No matter the outcome, Scott deserves all the credit for sticking his neck out to bring this kid up in a respectable home environment. In my experience they generally have a silver tongue, and quick hands, talking out of both sides of their mouth while robbing you blind. Until they have a complete change of heart, they'll continue to revert to their old self, and that's sad, considering the good potentials we can see in them.:bang:


----------



## sgreanbeans (May 7, 2012)

thanks guys, I am listening to him skype right now! The things they talk about! I dunno, its hard, but what you guys just described is exactly what I am dealing with right now. Was told, after the fact, that others have done this for him before and he stole from them or took great liberty's with what they allowed him to do(ran up a 1500 phone bill) Hope to god he don't try that here. He is not interested in learning anything, I have had him out and he does good with the small stuff, dragging brush, raking and such, try to explain anything in detail and he doesn't pay attention, as when told to do it, I have to explain it all over again, stayed out all night the other night. So still working out the bugs and trying to determine what is in that brain. He is literally a 14 y/o in mind.


----------



## tree md (May 7, 2012)

Well, at least he has the excuse of youth... I still have to deal with 30 and 40 something's that need to grow up...


----------



## Job Corps Tree (May 7, 2012)

GOOD on Yea, Having been somewhere just like Him , I can relate Well done


----------



## Sagetown (May 7, 2012)

sgreanbeans said:


> thanks guys, I am listening to him skype right now! The things they talk about! I dunno, its hard, but what you guys just described is exactly what I am dealing with right now. Was told, after the fact, that others have done this for him before and he stole from them or took great liberty's with what they allowed him to do(ran up a 1500 phone bill) Hope to god he don't try that here. He is not interested in learning anything, I have had him out and he does good with the small stuff, dragging brush, raking and such, *try to explain anything in detail and he doesn't pay attention, as when told to do it, I have to explain it all over again,* stayed out all night the other night. So still working out the bugs and trying to determine what is in that brain. He is literally a 14 y/o in mind.
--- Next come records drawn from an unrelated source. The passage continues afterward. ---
theorem lemma4:
  fixes own :: "'j::finite \<Rightarrow> 'p::finite"
    and Omi :: "'p \<Rightarrow> (real^'j) set"
    and f :: "'p \<Rightarrow> real^'j \<Rightarrow> real"
    and gf :: "'p \<Rightarrow> real^'j \<Rightarrow> real^'j"
    and A :: "real^'j^'c::finite"
    and b :: "real^'c^'p"
    and tle hde :: "'e::finite \<Rightarrow> 'p"
    and chibar betaE delta sig gam tau :: real
  assumes Omi_blk: "\<forall>i. Omi i \<subseteq> blk own i"
    and Omi_cc: "\<forall>i. closed (Omi i) \<and> convex (Omi i)"
    and Omi_int: "\<forall>i. \<exists>y\<in>Omi i. \<exists>e>0. ball y e \<inter> blk own i \<subseteq> Omi i"
    and X_ri: "rel_interior (Xset own Omi A b) \<noteq> {}"
    and slice_ri: "\<forall>i x. slice own Omi A b i x \<noteq> {} \<longrightarrow> rel_interior (slice own Omi A b i x) \<noteq> {}"
    and f_convex: "\<forall>i x. convex_on (blk own i) (\<lambda>u. f i (replace_blk own i x u))"
    and gf_blk: "\<forall>i x. gf i x \<in> blk own i"
    and f_grad: "\<forall>i x. ((\<lambda>u. f i (replace_blk own i x u)) has_derivative (\<lambda>h. inner (gf i x) h))
                          (at (proj own i x) within blk own i)"
    and gf_cont: "\<forall>i x. continuous_on (blk own i) (\<lambda>u. gf i (replace_blk own i x u))"
    and no_loops: "\<forall>e. tle e \<noteq> hde e"
    and simple: "inj (\<lambda>e. {tle e, hde e})"
    and conn: "connected_graph tle hde"
    and chi_pos: "chibar > 0"
    and asm4: "\<forall>x x'. chibar * (norm (Fop own gf x - Fop own gf x'))\<^sup>2
                   \<le> inner (x - x') (RT own (Fop own gf x) - RT own (Fop own gf x'))"
    and beta_pos: "0 < betaE"
    and beta_lt: "betaE < 1/2 * min chibar (1 / (2 * dstar (incid tle hde)))"
    and delta_gt: "delta > 1 / (2 * betaE)"
    and sig_pos: "sig > 0" and gam_pos: "gam > 0" and tau_pos: "tau > 0"
    and Phi_psd: "psd (\<lambda>W. PhiOp sig gam tau own A (incid tle hde) W - delta *\<^sub>R W)"
  shows "p_max_monotone (PhiOp sig gam tau own A (incid tle hde))
           (\<lambda>W. inv (PhiOp sig gam tau own A (incid tle hde)) `
                  frakA own A (incid tle hde) (OmegaSet own Omi) W)
       \<and> (\<exists>T1. (\<forall>u. resolvent (\<lambda>W. inv (PhiOp sig gam tau own A (incid tle hde)) `
                                  frakA own A (incid tle hde) (OmegaSet own Omi) W) u = {T1 u})
              \<and> p_averaged (PhiOp sig gam tau own A (incid tle hde)) (1/2) T1
              \<and> p_cocoercive (PhiOp sig gam tau own A (incid tle hde)) (delta * betaE)
                  (\<lambda>W. inv (PhiOp sig gam tau own A (incid tle hde)) (frakB own gf (incid tle hde) b W))
              \<and> p_averaged (PhiOp sig gam tau own A (incid tle hde)) (1 / (2 * delta * betaE))
                  (\<lambda>W. W - inv (PhiOp sig gam tau own A (incid tle hde)) (frakB own gf (incid tle hde) b W))
              \<and> p_averaged (PhiOp sig gam tau own A (incid tle hde))
                  (2 * delta * betaE / (4 * delta * betaE - 1))
                  (T1 \<circ> (\<lambda>W. W - inv (PhiOp sig gam tau own A (incid tle hde)) (frakB own gf (incid tle hde) b W))))"
proof -
  let ?V = "incid tle hde"
  let ?P = "PhiOp sig gam tau own A ?V"
  let ?M = "frakA own A ?V (OmegaSet own Omi)"
  let ?B = "frakB own gf ?V b"
  have "delta > 0" using delta_gt beta_pos by (smt (verit) divide_pos_pos)
  moreover have "delta * inner w w \<le> inner w (?P w)" for w
    using Phi_psd[unfolded psd_def, rule_format, of w] by (simp add: inner_diff_right)
  ultimately interpret selfadjoint_coercive ?P delta
    by (rule selfadjoint_coercive.intro[OF PhiOp_linear PhiOp_selfadjoint])
  have "\<forall>i. Omi i \<noteq> {}" using Omi_int by auto
  then obtain T1 where T1: "\<And>u. ?P (u - T1 u) \<in> ?M (T1 u)"
    using frakA_resolvent_exists[OF OmegaSet_closed_convex_nonempty[OF Omi_blk Omi_cc]
        sig_pos gam_pos tau_pos] by metis
  have firm: "p_firmly_nonexpansive ?P T1"
    by (rule p_firmly_nonexpansive_resolvent[OF frakA_monotone T1])
  have K: "delta * betaE > 1/2" using delta_gt beta_pos by (simp add: field_simps)
  have coco: "p_cocoercive ?P (delta * betaE) (\<lambda>W. inv ?P (?B W))"
    using step_size_bounds[OF beta_pos beta_lt]
    by (intro p_cocoercive_inv_comp beta_pos frakB_cocoercive[OF no_loops asm4 beta_pos])
  show ?thesis
    using p_max_monotone_inv_image[OF frakA_monotone T1] resolvent_inv_image_eq[OF frakA_monotone T1]
      p_averaged_half_if_firmly_nonexpansive[OF firm] coco
      p_averaged_Id_minus_cocoercive[OF K coco]
      p_averaged_comp_firmly_nonexpansive_Id_minus_cocoercive[OF K firm coco]
    by (auto simp: mult.assoc)
qed
lemma quadratic_form_gram:
  "(\<Sum>t\<in>C. cnj (\<psi> t) * (\<Sum>u\<in>C. (\<Sum>i\<in>I. G i t * cnj (G i u)) * \<psi> u))
     = of_real (\<Sum>i\<in>I. (cmod (\<Sum>u\<in>C. cnj (G i u) * \<psi> u))\<^sup>2)"
proof -
  let ?z = "\<lambda>i. \<Sum>u\<in>C. cnj (G i u) * \<psi> u"
  have "(\<Sum>t\<in>C. cnj (\<psi> t) * (\<Sum>u\<in>C. (\<Sum>i\<in>I. G i t * cnj (G i u)) * \<psi> u))
      = (\<Sum>t\<in>C. \<Sum>u\<in>C. \<Sum>i\<in>I. (cnj (\<psi> t) * G i t) * (cnj (G i u) * \<psi> u))"
    by (simp add: sum_distrib_left sum_distrib_right mult_ac)
  also have "\<dots> = (\<Sum>t\<in>C. \<Sum>i\<in>I. \<Sum>u\<in>C. (cnj (\<psi> t) * G i t) * (cnj (G i u) * \<psi> u))"
    by (rule sum.cong[OF refl], rule sum.swap)
  also have "\<dots> = (\<Sum>i\<in>I. \<Sum>t\<in>C. \<Sum>u\<in>C. (cnj (\<psi> t) * G i t) * (cnj (G i u) * \<psi> u))"
    by (rule sum.swap)
  also have "\<dots> = (\<Sum>i\<in>I. (\<Sum>t\<in>C. cnj (\<psi> t) * G i t) * ?z i)"
    by (simp only: sum_product)
  also have "\<dots> = (\<Sum>i\<in>I. cnj (?z i) * ?z i)"
    by (simp add: mult.commute)
  also have "\<dots> = of_real (\<Sum>i\<in>I. (cmod (?z i))\<^sup>2)"
    by (simp only: cnj_mult_self of_real_sum)
  finally show ?thesis .
qed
When I was in NAM, I saw refugee boy's who smoked opium, and they had no desire to learn anything. Like maybe it destroys their brain cells. I don't know if 'pot' does that too.


----------



## sgreanbeans (May 8, 2012)

Sagetown said:


> When I was in NAM, I saw refugee boy's who smoked opium, and they had no desire to learn anything. Like maybe it destroys their brain cells. I don't know if 'pot' does that too.



NAM!Man, hats off to ya, screw that place. Have heard too many horror story's about that place from the"old guard" We had a Sgt Maj at my first unit that was there as a boot grunt. Stuff he would tell us, gave us nightmares.

Yeah, it may be that with him, not sure. If he does it, its not around here, I would smell it.


----------



## jerrycmorrow (May 8, 2012)

sgreanbeans said:


> ... If he does it, its not around here, I would smell it.



easy to tell without smelling. glassy eyes, sh!t eating grin, munchies, lethargic, slow-witted, giggles


----------



## HappyTreesLLC (May 23, 2012)

If you chosen to "teach him the way of the Jedi", number one you should change your name from Bean to OBean-Wan Kenobi.
Second, don't listen to "The boy is too old..dangerous it is..." it's bull poop.
Remember you promised to Qui-Gon Jinn.

Seriously, GOD BLESS YOU.


----------



## sgreanbeans (May 23, 2012)

Thanks, but he chose the way of the Sith. Lying, stealing and drugs. Taking off for days then coming back like nothing happened. Bringing crackheads over to my house (thought he was going to get his peeps hooked up via my fridge) He didn't want to conform to the house rules. Took my youngest sons Fender guitar from his room and tried taking it out of the house, while we where gone, we came home just as he was doing it, that was the last straw. Said he was going out just to "play with some friends" I guess asking was out of the q, I think he was going to pawn it. I tried, really hard even, but he is not interested in any kind of responsible life. His choice. Acuna matada.


----------



## sgreanbeans (May 23, 2012)

jerrycmorrow said:


> easy to tell without smelling. glassy eyes, sh!t eating grin, munchies, lethargic, slow-witted, giggles



His choice is actually meth and pills, he was busted in that garage he was living in, they had a bunch of the crap. Several went to jail.


----------



## derwoodii (May 23, 2012)

Sorry to hear, you gave him more than a chance, sigh sadly many are taken by the dark side.


----------



## jerrycmorrow (May 23, 2012)

sorry to hear of his bad choices. his stupidity is his choice. you just can't teach stupid out of someone; only experience can do that. 
you did what you could. now all you can do is maybe be there to help put the pieces back together when his seeds sprout and he reaps his bitter harvest. as i see it you have no further obligation (never could see that you ever had an obligation to this ingrate) except what you and your family agree on.
that being said you are a giant in my eyes. God bless you for your compassion and caring. carry on.


----------



## Sagetown (May 23, 2012)

sgreanbeans said:


> Thanks, but he chose the way of the Sith. Lying, stealing and drugs. Taking off for days then coming back like nothing happened. Bringing crackheads over to my house (thought he was going to get his peeps hooked up via my fridge) He didn't want to conform to the house rules. Took my youngest sons Fender guitar from his room and tried taking it out of the house, while we where gone, we came home just as he was doing it, that was the last straw. Said he was going out just to "play with some friends" I guess asking was out of the q, I think he was going to pawn it. I tried, really hard even, but he is not interested in any kind of responsible life. His choice. Acuna matada.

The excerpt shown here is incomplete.